lemma Y_open_stratum_sign_pattern:
  assumes "F \<subseteq> G" "\<And>e. e \<notin> F \<Longrightarrow> T e \<noteq> Zero"
  shows "Y_open_stratum V T F G = Y_V V T \<inter> {y. map_option sgn_of \<circ> y = stratum_sign T F G}"
proof -
  have pointwise: "(e \<in> F \<longrightarrow> y e = Some 0) \<and>
      (e \<in> (G - F) \<inter> pos_part T \<longrightarrow> (\<exists>r>0. y e = Some r)) \<and>
      (e \<in> (G - F) \<inter> neg_part T \<longrightarrow> (\<exists>r<0. y e = Some r)) \<and>
      (e \<in> - G \<longrightarrow> y e = None)
    \<longleftrightarrow> map_option sgn_of (y e) = stratum_sign T F G e" for y e
    using assms(1) assms(2)[of e]
    by (cases "y e"; cases "T e") (auto simp: stratum_sign_def pos_part_def neg_part_def sgn_of_def)
  show ?thesis
    unfolding Y_open_stratum_def comp_def fun_eq_iff pointwise[symmetric] by blast
qed

lemma stratum_sign_eq_iff:
  assumes "F \<subseteq> G" "\<And>e. e \<notin> F \<Longrightarrow> T e \<noteq> Zero"
    and "F' \<subseteq> G'" "\<And>e. e \<notin> F' \<Longrightarrow> T' e \<noteq> Zero"
  shows "stratum_sign T F G = stratum_sign T' F' G' \<longleftrightarrow> triple_equiv (F, G, T) (F', G', T')"
proof
  assume eq: "stratum_sign T F G = stratum_sign T' F' G'"
  have "e \<in> G \<longleftrightarrow> e \<in> G'" for e
    using fun_cong[OF eq, of e] by (auto simp: stratum_sign_def split: if_splits)
  then have "G = G'"
    by blast
  have "e \<in> F \<longleftrightarrow> e \<in> F'" for e
    using fun_cong[OF eq, of e] assms(1,3) assms(2,4)[of e]
    by (auto simp: stratum_sign_def split: if_splits)
  then have "F = F'"
    by blast
  have "T e = T' e" if "e \<in> G - F" for e
    using fun_cong[OF eq, of e] that \<open>G = G'\<close> \<open>F = F'\<close> by (simp add: stratum_sign_def)
  with \<open>G = G'\<close> \<open>F = F'\<close> show "triple_equiv (F, G, T) (F', G', T')"
    unfolding triple_equiv_def by simp
next
  assume "triple_equiv (F, G, T) (F', G', T')"
  then show "stratum_sign T F G = stratum_sign T' F' G'"
    unfolding triple_equiv_def by (auto simp: stratum_sign_def fun_eq_iff)
qed
(* Let $X$ have the standard Cauchy distribution, with distribution function $F(x)=\frac1\pi\arctan(x)+\frac12$, $x\in\mathbb{R}$, and let $\phi:\mathbb{R}\to\mathbb{R}$ be an arbitrary convex function (not necessarily monotone). Then $\phi(X)\in\mathcal{D}^-$.
   Context: For real random variables, $X \le_{st} Y$ means $P(X\le t)\ge P(Y\le t)$ for all $t\in\mathbb{R}$. A real random variable $X$ (equivalently its distribution function $F_X$) belongs to $\mathcal{D}^-$ if for every $n\in\mathbb{N}$, all $\theta_1,\dots,\theta_n\ge 0$ with $\sum_{i=1}^n\theta_i=1$, and i.i.d. random variables $X_1,\dots,X_n$ with distribution $F_X$, we have $X_1\le_{st}\sum_{i=1}^n\theta_iX_i$. *)

theory Defs
  imports "HOL-Probability.Probability"
begin

definition st_le :: "real measure \<Rightarrow> real measure \<Rightarrow> bool" where
  "st_le M N \<longleftrightarrow> (\<forall>t::real. measure M {..t} \<ge> measure N {..t})"

text \<open>The class D^- of distributions on the reals. For i.i.d. X_1,...,X_n with law mu,
  the joint law is the product measure, and the law of sum theta_i X_i is its image.\<close>
definition D_minus :: "real measure \<Rightarrow> bool" where
  "D_minus mu \<longleftrightarrow> prob_space mu \<and> sets mu = sets borel \<and>
     (\<forall>n::nat. \<forall>\<theta>::nat \<Rightarrow> real.
        (\<forall>i<n. 0 \<le> \<theta> i) \<and> (\<Sum>i<n. \<theta> i) = 1 \<longrightarrow>
        st_le mu (distr (PiM {..<n} (\<lambda>_. mu)) borel (\<lambda>x. \<Sum>i<n. \<theta> i * x i)))"
(* Let $T$ be a tree on $n$ vertices. Then $k(T)=2$ if and only if $T$ is a star or a balanced double star.
   Context: For a connected graph $G=(V,E)$ and $v\in V$, the status of $v$ is $s(v)=\sum_{u\in V} d(v,u)$, where $d$ is the shortest-path distance; $k(G)$ is the number of distinct status values of vertices of $G$. A star is a tree of diameter $2$, i.e. $K_{1,m}$ with $m\ge 2$. A balanced double star is a graph obtained from $K_2$ by appending $a\ge 1$ pendent vertices to each of its two vertices (the same $a$ for both). *)

theory Defs
  imports Main
begin

definition sgraph :: "'a set \<Rightarrow> ('a \<Rightarrow> 'a \<Rightarrow> bool) \<Rightarrow> bool" where
  "sgraph V E \<longleftrightarrow> finite V \<and> (\<forall>x y. E x y \<longrightarrow> x \<in> V \<and> y \<in> V \<and> x \<noteq> y \<and> E y x)"

definition walk :: "'a set \<Rightarrow> ('a \<Rightarrow> 'a \<Rightarrow> bool) \<Rightarrow> 'a list \<Rightarrow> bool" where
  "walk V E xs \<longleftrightarrow> xs \<noteq> [] \<and> set xs \<subseteq> V \<and> (\<forall>i. Suc i < length xs \<longrightarrow> E (xs ! i) (xs ! Suc i))"

definition connected_graph :: "'a set \<Rightarrow> ('a \<Rightarrow> 'a \<Rightarrow> bool) \<Rightarrow> bool" where
  "connected_graph V E \<longleftrightarrow> (\<forall>u\<in>V. \<forall>v\<in>V. \<exists>xs. walk V E xs \<and> hd xs = u \<and> last xs = v)"

definition has_cycle :: "'a set \<Rightarrow> ('a \<Rightarrow> 'a \<Rightarrow> bool) \<Rightarrow> bool" where
  "has_cycle V E \<longleftrightarrow> (\<exists>xs. walk V E xs \<and> length xs \<ge> 3 \<and> distinct xs \<and> E (last xs) (hd xs))"
lemma jF_le:
  assumes "0 < \<theta>"
  shows "jF \<theta> \<le> ln 2 - ln (1 - 4 * lam \<theta>) / 2"
proof -
  obtain u where u: "0 < u" "u < 1" "\<theta> = theta_u u" "1 - 4 * lam \<theta> = u^2"
    by (rule theta_parametrisation[OF assms])
  have "u^2 / 2 \<le> h_u u"
    using h_u_ge[OF u(1,2)] zero_le_power2[of u] by linarith
  then have "ln (u^2 / 2) \<le> ln (h_u u)"
    using u(1) by (intro ln_mono) auto
  then have "ln (u^2) - ln 2 \<le> ln (h_u u)"
    using u(1) by (simp add: ln_div)
  then show ?thesis
    using u jF_theta_u by simp
qed

lemma lam_doubling_bound:
  assumes "0 < \<theta>" "\<theta> \<le> 2 * \<theta>'"
  shows "1 - 4 * lam \<theta> \<le> 6 * (1 - 4 * lam \<theta>')"
proof -
  have "0 < \<theta>'" using assms by simp
  obtain u where u: "0 < u" "u < 1" "\<theta> = theta_u u" "1 - 4 * lam \<theta> = u^2"
    by (rule theta_parametrisation[OF assms(1)])
  obtain v where v: "0 < v" "v < 1" "\<theta>' = theta_u v" "1 - 4 * lam \<theta>' = v^2"
    by (rule theta_parametrisation[OF \<open>0 < \<theta>'\<close>])
  have "u^2 \<le> 6 * v^2"
  proof (cases "v \<le> 1/2")
    case True
    then have "v^2 \<le> 1/4"
      using power_mono[OF True, of 2] v(1) by (simp add: power_divide)
    have "\<theta>' \<le> v^2 / (3 * (1 - v^2))"
      using theta_u_le[OF v(1,2)] v(3) by simp
    also have "\<dots> \<le> v^2 / (9/4)"
      using \<open>v^2 \<le> 1/4\<close> by (intro divide_left_mono) auto
    finally have "\<theta>' \<le> 4 * v^2 / 9" by simp
    then show ?thesis
      using theta_u_ge[OF u(1,2)] u(3) assms(2) zero_le_power2[of v] by linarith
  next
    case False
    then have "1/4 \<le> v^2"
      using power_mono[of "1/2" v 2] by (simp add: power_divide)
    moreover have "u^2 \<le> 1" using u by (simp add: power_le_one)
    ultimately show ?thesis by linarith
  qed
  then show ?thesis using u v by simp
qed
lemma sol_sets_union_if_feasible:
  assumes "\<And>i. i \<in> I \<Longrightarrow> \<exists>B \<subseteq> V i. x (H i) B"
  shows "sol_sets m x G = {S. S \<subseteq> verts G \<and> (\<forall>i\<in>I. S \<inter> V i \<in> sol_sets m x (H i))}"
proof -
  have "S \<in> sol_sets m x G \<longleftrightarrow> S \<subseteq> verts G \<and> (\<forall>i\<in>I. S \<inter> V i \<in> sol_sets m x (H i))"
    if S: "S \<subseteq> verts G" for S
  proof
    assume sol: "S \<in> sol_sets m x G"
    have feasible: "x (H i) (S \<inter> V i)" if "i \<in> I" for i
      using sol feasible_union_iff[OF S] that by (simp add: sol_sets_def)
    have optimal: "if m then card (S \<inter> V i) \<le> param_val m x (H i)
        else param_val m x (H i) \<le> card (S \<inter> V i)" if "i \<in> I" for i
      using param_val_optimal[OF finite_part[OF that]] feasible[OF that] by blast
    have sum: "(\<Sum>i\<in>I. card (S \<inter> V i)) = (\<Sum>i\<in>I. param_val m x (H i))"
      using sol card_parts[OF S] param_val_union assms by (simp add: sol_sets_def)
    have "card (S \<inter> V i) = param_val m x (H i)" if "i \<in> I" for i
    proof (cases m)
      case True
      then show ?thesis using sum_mono_inv[OF sum _ that] optimal by simp
    next
      case False
      then show ?thesis using sum_mono_inv[OF sum[symmetric] _ that] optimal by fastforce
    qed
    then show "S \<subseteq> verts G \<and> (\<forall>i\<in>I. S \<inter> V i \<in> sol_sets m x (H i))"
      using S feasible by (simp add: sol_sets_def)
  next
    assume "S \<subseteq> verts G \<and> (\<forall>i\<in>I. S \<inter> V i \<in> sol_sets m x (H i))"
    then show "S \<in> sol_sets m x G"
      using feasible_union_iff[OF S] card_parts[OF S] param_val_union assms
      by (simp add: sol_sets_def)
  qed
  then show ?thesis unfolding sol_sets_def by blast
qed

:::::

# Exercise instructions
Give back exactly the lines of the listing, starting with the first and ending with the one bearing "map_option sgn_of (y". Add no other lines.

# Expected output
lemma Y_open_stratum_sign_pattern:
  assumes "F \<subseteq> G" "\<And>e. e \<notin> F \<Longrightarrow> T e \<noteq> Zero"
  shows "Y_open_stratum V T F G = Y_V V T \<inter> {y. map_option sgn_of \<circ> y = stratum_sign T F G}"
proof -
  have pointwise: "(e \<in> F \<longrightarrow> y e = Some 0) \<and>
      (e \<in> (G - F) \<inter> pos_part T \<longrightarrow> (\<exists>r>0. y e = Some r)) \<and>
      (e \<in> (G - F) \<inter> neg_part T \<longrightarrow> (\<exists>r<0. y e = Some r)) \<and>
      (e \<in> - G \<longrightarrow> y e = None)
    \<longleftrightarrow> map_option sgn_of (y e) = stratum_sign T F G e" for y e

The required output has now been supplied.